▸ **Task instructions**: All of the data below is to be output exactly as written.

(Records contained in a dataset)
/---

(* Let $(X,d^\star)$ be a $\star$-metric space. Then the topological space $(X,\mathscr{T}_{d^\star})$ is metrizable, i.e. there exists a metric on $X$ inducing the topology $\mathscr{T}_{d^\star}$.
   Context: A $t$-definer is a function $\star:[0,\infty)\times[0,\infty)\to[0,\infty)$ such that for all $a,b,c\ge 0$: $a\star b=b\star a$; $a\star(b\star c)=(a\star b)\star c$; if $a\le b$ then $a\star c\le b\star c$; $a\star 0=a$; and $\star$ is continuous in its first variable with respect to the Euclidean topology. Given a nonempty set $X$ and a $t$-definer $\star$, a $\star$-metric on $X$ is a function $d^\star:X\times X\to[0,\infty)$ such that for all $x,y,z\in X$: $d^\star(x,y)=0$ iff $x=y$; $d^\star(x,y)=d^\star(y,x)$; and $d^\star(x,y)\le d^\star(x,z)\star d^\star(z,y)$. The pair $(X,d^\star)$ is a $\star$-metric space. For $a\in X$, $r>0$, put $B_{d^\star}(a,r)=\{x\in X: d^\star(a,x)<r\}$, and let $\mathscr{T}_{d^\star}$ be the family of all $U\subseteq X$ such that for each $a\in U$ there is $r>0$ with $B_{d^\star}(a,r)\subseteq U$ (this is a topology on $X$). *)

theory Defs
  imports "HOL-Analysis.Analysis"
begin

text \<open>A t-definer: a binary operation on [0,\<infinity>), modelled as a real function whose
  relevant behaviour is on nonnegative arguments.\<close>
definition t_definer :: "(real \<Rightarrow> real \<Rightarrow> real) \<Rightarrow> bool" where
  "t_definer star \<longleftrightarrow>
     (\<forall>a b. 0 \<le> a \<longrightarrow> 0 \<le> b \<longrightarrow> 0 \<le> star a b) \<and>
     (\<forall>a b. 0 \<le> a \<longrightarrow> 0 \<le> b \<longrightarrow> star a b = star b a) \<and>
     (\<forall>a b c. 0 \<le> a \<longrightarrow> 0 \<le> b \<longrightarrow> 0 \<le> c \<longrightarrow> star a (star b c) = star (star a b) c) \<and>
     (\<forall>a b c. 0 \<le> a \<longrightarrow> 0 \<le> b \<longrightarrow> 0 \<le> c \<longrightarrow> a \<le> b \<longrightarrow> star a c \<le> star b c) \<and>
     (\<forall>a. 0 \<le> a \<longrightarrow> star a 0 = a) \<and>
     (\<forall>b. 0 \<le> b \<longrightarrow> continuous_on {0..} (\<lambda>a. star a b))"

\---

▸ **Result of this exercise**:
(* Let $(X,d^\star)$ be a $\star$-metric space. Then the topological space $(X,\mathscr{T}_{d^\star})$ is metrizable, i.e. there exists a metric on $X$ inducing the topology $\mathscr{T}_{d^\star}$.
   Context: A $t$-definer is a function $\star:[0,\infty)\times[0,\infty)\to[0,\infty)$ such that for all $a,b,c\ge 0$: $a\star b=b\star a$; $a\star(b\star c)=(a\star b)\star c$; if $a\le b$ then $a\star c\le b\star c$; $a\star 0=a$; and $\star$ is continuous in its first variable with respect to the Euclidean topology. Given a nonempty set $X$ and a $t$-definer $\star$, a $\star$-metric on $X$ is a function $d^\star:X\times X\to[0,\infty)$ such that for all $x,y,z\in X$: $d^\star(x,y)=0$ iff $x=y$; $d^\star(x,y)=d^\star(y,x)$; and $d^\star(x,y)\le d^\star(x,z)\star d^\star(z,y)$. The pair $(X,d^\star)$ is a $\star$-metric space. For $a\in X$, $r>0$, put $B_{d^\star}(a,r)=\{x\in X: d^\star(a,x)<r\}$, and let $\mathscr{T}_{d^\star}$ be the family of all $U\subseteq X$ such that for each $a\in U$ there is $r>0$ with $B_{d^\star}(a,r)\subseteq U$ (this is a topology on $X$). *)

theory Defs
  imports "HOL-Analysis.Analysis"
begin

text \<open>A t-definer: a binary operation on [0,\<infinity>), modelled as a real function whose
  relevant behaviour is on nonnegative arguments.\<close>
definition t_definer :: "(real \<Rightarrow> real \<Rightarrow> real) \<Rightarrow> bool" where
  "t_definer star \<longleftrightarrow>
     (\<forall>a b. 0 \<le> a \<longrightarrow> 0 \<le> b \<longrightarrow> 0 \<le> star a b) \<and>
     (\<forall>a b. 0 \<le> a \<longrightarrow> 0 \<le> b \<longrightarrow> star a b = star b a) \<and>
     (\<forall>a b c. 0 \<le> a \<longrightarrow> 0 \<le> b \<longrightarrow> 0 \<le> c \<longrightarrow> star a (star b c) = star (star a b) c) \<and>
     (\<forall>a b c. 0 \<le> a \<longrightarrow> 0 \<le> b \<longrightarrow> 0 \<le> c \<longrightarrow> a \<le> b \<longrightarrow> star a c \<le> star b c) \<and>
     (\<forall>a. 0 \<le> a \<longrightarrow> star a 0 = a) \<and>
     (\<forall>b. 0 \<le> b \<longrightarrow> continuous_on {0..} (\<lambda>a. star a b))"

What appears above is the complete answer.